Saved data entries
(* Let $d\in\mathbb{N}$ and $\beta_1,\ldots,\beta_d\in\mathbb{R}$. The multi-indexed sequence $$\bar F_{n_1,\ldots,n_d}=\prod_{k=1}^d\beta_k^{n_{(d-k+1)}-n_{(d-k)}},\qquad n_1,\ldots,n_d\in\mathbb{N}_0,$$ is a $d$-dimensional discrete survival function (i.e. there is an $\mathbb{N}^d$-valued random vector $(\tau_1,\ldots,\tau_d)$ with $\bar F_{n_1,\ldots,n_d}=\mathbb{P}(\tau_1>n_1,\ldots,\tau_d>n_d)$ for all $n_i\in\mathbb{N}_0$) if and only if $(1,\beta_1,\ldots,\beta_d)\in\mathcal{M}_{d+1}$. In that case it is the survival function of an exchangeable $d$-variate wide-sense geometric law.
   Context: $\mathbb{N}=\{1,2,\ldots\}$, $\mathbb{N}_0=\{0\}\cup\mathbb{N}$; $n_{(0)}:=0\le n_{(1)}\le\cdots\le n_{(d)}$ is the ordered list of $n_1,\ldots,n_d$; $0^0:=1$. $\nabla^jx_k:=\sum_{i=0}^j(-1)^i\binom{j}{i}x_{k+i}$. $\mathcal{M}_{d+1}$ is the set of $(x_0,\ldots,x_d)\in\mathbb{R}^{d+1}$ with $x_0=1$, $x_1<1$, and $\nabla^jx_k\ge0$ for $k=0,\ldots,d$, $j=0,\ldots,d-k$. Wide-sense geometric law: for $\tilde p_I\in[0,1]$, $I\subseteq\{1,\ldots,d\}$, $\sum_I\tilde p_I=1$, $\sum_{I\not\ni k}\tilde p_I<1$ for all $k$, run i.i.d. trials with outcome $I$ of probability $\tilde p_I$, let $\tilde E_I$ be the first trial with outcome $I$, and $\tau_k=\min\{\tilde E_I:k\in I\}$. *)

theory Defs
  imports "HOL-Probability.Probability"
begin

definition ord_stat :: "nat \<Rightarrow> (nat \<Rightarrow> nat) \<Rightarrow> nat \<Rightarrow> nat" where
  "ord_stat d n j = (if j = 0 then 0 else sort (map n [1..<d+1]) ! (j - 1))"

definition Fbar :: "nat \<Rightarrow> (nat \<Rightarrow> real) \<Rightarrow> (nat \<Rightarrow> nat) \<Rightarrow> real" where
  "Fbar d \<beta> n = (\<Prod>k=1..d. \<beta> k ^ (ord_stat d n (d - k + 1) - ord_stat d n (d - k)))"

definition nabla :: "nat \<Rightarrow> (nat \<Rightarrow> real) \<Rightarrow> nat \<Rightarrow> real" where
  "nabla j x k = (\<Sum>i=0..j. (-1) ^ i * real (j choose i) * x (k + i))"

definition in_M :: "nat \<Rightarrow> (nat \<Rightarrow> real) \<Rightarrow> bool" where
  "in_M d x \<longleftrightarrow> x 0 = 1 \<and> x 1 < 1 \<and>
     (\<forall>k\<le>d. \<forall>j\<le>d - k. nabla j x k \<ge> 0)"

definition is_discrete_survival :: "nat \<Rightarrow> ((nat \<Rightarrow> nat) \<Rightarrow> real) \<Rightarrow> bool" where
  "is_discrete_survival d F \<longleftrightarrow>
     (\<exists>P :: (nat \<Rightarrow> nat) pmf.
        set_pmf P \<subseteq> {t. (\<forall>i\<in>{1..d}. 1 \<le> t i) \<and> (\<forall>i. i \<notin> {1..d} \<longrightarrow> t i = 0)} \<and>
        (\<forall>n. measure_pmf.prob P {t. \<forall>i\<in>{1..d}. n i < t i} = F n))"

(* wide-sense geometric law: parameters p_I = pmf q I, I \<subseteq> {1..d}, summing to 1,
   with sum_{I not containing k} p_I < 1 for all k *)
definition wsg_params :: "nat \<Rightarrow> nat set pmf \<Rightarrow> bool" where
  "wsg_params d q \<longleftrightarrow> set_pmf q \<subseteq> Pow {1..d} \<and>
     (\<forall>k\<in>{1..d}. measure_pmf.prob q {I. k \<notin> I} < 1)"

definition wsg_exchangeable :: "nat \<Rightarrow> nat set pmf \<Rightarrow> bool" where
  "wsg_exchangeable d q \<longleftrightarrow>
     (\<forall>I J. I \<subseteq> {1..d} \<longrightarrow> J \<subseteq> {1..d} \<longrightarrow> card I = card J \<longrightarrow> pmf q I = pmf q J)"
(* Assume $\mu$ is such that $\overline N=\sum_{N\ge0}N\lambda_{N,\mu}\in\mathbb{N}$. Then $$F(\overline N)\ge F_{\mathrm{gc}}(\mu)\ge F(\overline N)-\ln(1+\overline N)-1.$$
   Context: Fix a nondecreasing sequence $(E_j)_{j\ge0}$ of nonnegative reals. A configuration is a sequence $n=(n_0,n_1,\dots)$ of nonnegative integers with finitely many nonzero entries; $|n|=\sum_jn_j$ and $E(n)=\sum_jE_jn_j$. The canonical partition function is $Z(N)=\sum_{|n|=N}e^{-E(n)}$ and the canonical free energy is $F(N)=-\ln Z(N)$. The grand canonical partition function is $Z_{\mathrm{gc}}(\mu)=\sum_ne^{-(E(n)-\mu|n|)}$ (assumed finite, as are all $Z(N)$), $\lambda_{N,\mu}=Z(N)e^{\mu N}/Z_{\mathrm{gc}}(\mu)$, and the grand canonical free energy is $F_{\mathrm{gc}}(\mu)=\sum_{N\ge0}\lambda_{N,\mu}F(N)-S(\lambda)$ with $S(\lambda)=-\sum_{N\ge0}\lambda_{N,\mu}\ln\lambda_{N,\mu}$. *)

theory Defs
  imports "HOL-Analysis.Analysis"
begin

text \<open>Configurations: finitely supported occupation sequences.\<close>
definition configs :: "(nat \<Rightarrow> nat) set" where
  "configs = {n. finite {j. n j \<noteq> 0}}"

definition cnum :: "(nat \<Rightarrow> nat) \<Rightarrow> nat" where
  "cnum n = (\<Sum>j\<in>{j. n j \<noteq> 0}. n j)"

definition cenergy :: "(nat \<Rightarrow> real) \<Rightarrow> (nat \<Rightarrow> nat) \<Rightarrow> real" where
  "cenergy E n = (\<Sum>j\<in>{j. n j \<noteq> 0}. E j * real (n j))"

definition Zc :: "(nat \<Rightarrow> real) \<Rightarrow> nat \<Rightarrow> real" where
  "Zc E N = infsum (\<lambda>n. exp (- cenergy E n)) {n \<in> configs. cnum n = N}"

definition Fc :: "(nat \<Rightarrow> real) \<Rightarrow> nat \<Rightarrow> real" where
  "Fc E N = - ln (Zc E N)"

definition Zgc :: "(nat \<Rightarrow> real) \<Rightarrow> real \<Rightarrow> real" where
  "Zgc E \<mu> = infsum (\<lambda>n. exp (- (cenergy E n - \<mu> * real (cnum n)))) configs"

definition lam :: "(nat \<Rightarrow> real) \<Rightarrow> real \<Rightarrow> nat \<Rightarrow> real" where
  "lam E \<mu> N = Zc E N * exp (\<mu> * real N) / Zgc E \<mu>"

definition entropy :: "(nat \<Rightarrow> real) \<Rightarrow> real \<Rightarrow> real" where
  "entropy E \<mu> = - (\<Sum>N. lam E \<mu> N * ln (lam E \<mu> N))"

definition Fgc :: "(nat \<Rightarrow> real) \<Rightarrow> real \<Rightarrow> real" where
  "Fgc E \<mu> = (\<Sum>N. lam E \<mu> N * Fc E N) - entropy E \<mu>"

end

theory Submission
  imports Defs
begin

text \<open>The canonical partition function \<open>Z(N)\<close> is the complete homogeneous symmetric
polynomial of degree \<open>N\<close> in the weights \<open>exp (- E j)\<close>. Truncating to finitely many modes, adding
a mode convolves the sequence with a geometric sequence, which preserves log-concavity; in the
limit \<open>Z\<close> is log-concave, i.e. \<open>F\<close> is convex in \<open>N\<close>. Since \<open>F_gc(\<mu>) = \<mu> Nb - ln Z_gc(\<mu>)\<close>, one has
\<open>F(Nb) - F_gc(\<mu>) = - ln \<lambda>\<^bsub>Nb\<^esub> \<ge> 0\<close>, the upper bound. By Jensen's inequality for the convex \<open>F\<close> (through its supporting
line at the mean \<open>Nb\<close>), \<open>\<Sum> \<lambda>\<^sub>N F(N) \<ge> F(Nb)\<close>, so \<open>F_gc \<ge> F(Nb) - S(\<lambda>)\<close>; finally Gibbs' inequality
against the geometric distribution with mean \<open>Nb\<close> bounds the entropy by \<open>ln (1 + Nb) + 1\<close>.\<close>

lemma cnum_eq_sum: "finite S \<Longrightarrow> {j. n j \<noteq> 0} \<subseteq> S \<Longrightarrow> cnum n = sum n S"
  unfolding cnum_def by (rule sum.mono_neutral_left) auto

lemma cenergy_eq_sum:
  "finite S \<Longrightarrow> {j. n j \<noteq> 0} \<subseteq> S \<Longrightarrow> cenergy E n = (\<Sum>j\<in>S. E j * real (n j))"
  unfolding cenergy_def by (rule sum.mono_neutral_left) auto

definition configs_of_size :: "nat \<Rightarrow> (nat \<Rightarrow> nat) set" where
  "configs_of_size N = {n \<in> configs. cnum n = N}"

definition configs_below :: "nat \<Rightarrow> nat \<Rightarrow> (nat \<Rightarrow> nat) set" where
  "configs_below J N = {n. (\<forall>j\<ge>J. n j = 0) \<and> sum n {..<J} = N}"

definition Zc_below :: "(nat \<Rightarrow> real) \<Rightarrow> nat \<Rightarrow> nat \<Rightarrow> real" where
  "Zc_below E J N = (\<Sum>n\<in>configs_below J N. exp (- cenergy E n))"

lemma configs_below_support: "n \<in> configs_below J N \<Longrightarrow> {j. n j \<noteq> 0} \<subseteq> {..<J}"
  unfolding configs_below_def by (auto simp: not_less[symmetric])

lemma configs_below_subset: "configs_below J N \<subseteq> configs_of_size N"
proof
  fix n assume n: "n \<in> configs_below J N"
  have "finite {j. n j \<noteq> 0}"
    using configs_below_support[OF n] finite_subset by blast
  moreover have "cnum n = N"
    using cnum_eq_sum[OF _ configs_below_support[OF n]] n by (simp add: configs_below_def)
  ultimately show "n \<in> configs_of_size N"
    by (simp add: configs_of_size_def configs_def)
qed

# [Problem to work on]
Where the word "partition" shows up in a line of the entries above, copy that line.

# [Solved exercise]
   Context: Fix a nondecreasing sequence $(E_j)_{j\ge0}$ of nonnegative reals. A configuration is a sequence $n=(n_0,n_1,\dots)$ of nonnegative integers with finitely many nonzero entries; $|n|=\sum_jn_j$ and $E(n)=\sum_jE_jn_j$. The canonical partition function is $Z(N)=\sum_{|n|=N}e^{-E(n)}$ and the canonical free energy is $F(N)=-\ln Z(N)$. The grand canonical partition function is $Z_{\mathrm{gc}}(\mu)=\sum_ne^{-(E(n)-\mu|n|)}$ (assumed finite, as are all $Z(N)$), $\lambda_{N,\mu}=Z(N)e^{\mu N}/Z_{\mathrm{gc}}(\mu)$, and the grand canonical free energy is $F_{\mathrm{gc}}(\mu)=\sum_{N\ge0}\lambda_{N,\mu}F(N)-S(\lambda)$ with $S(\lambda)=-\sum_{N\ge0}\lambda_{N,\mu}\ln\lambda_{N,\mu}$. *)
text \<open>The canonical partition function \<open>Z(N)\<close> is the complete homogeneous symmetric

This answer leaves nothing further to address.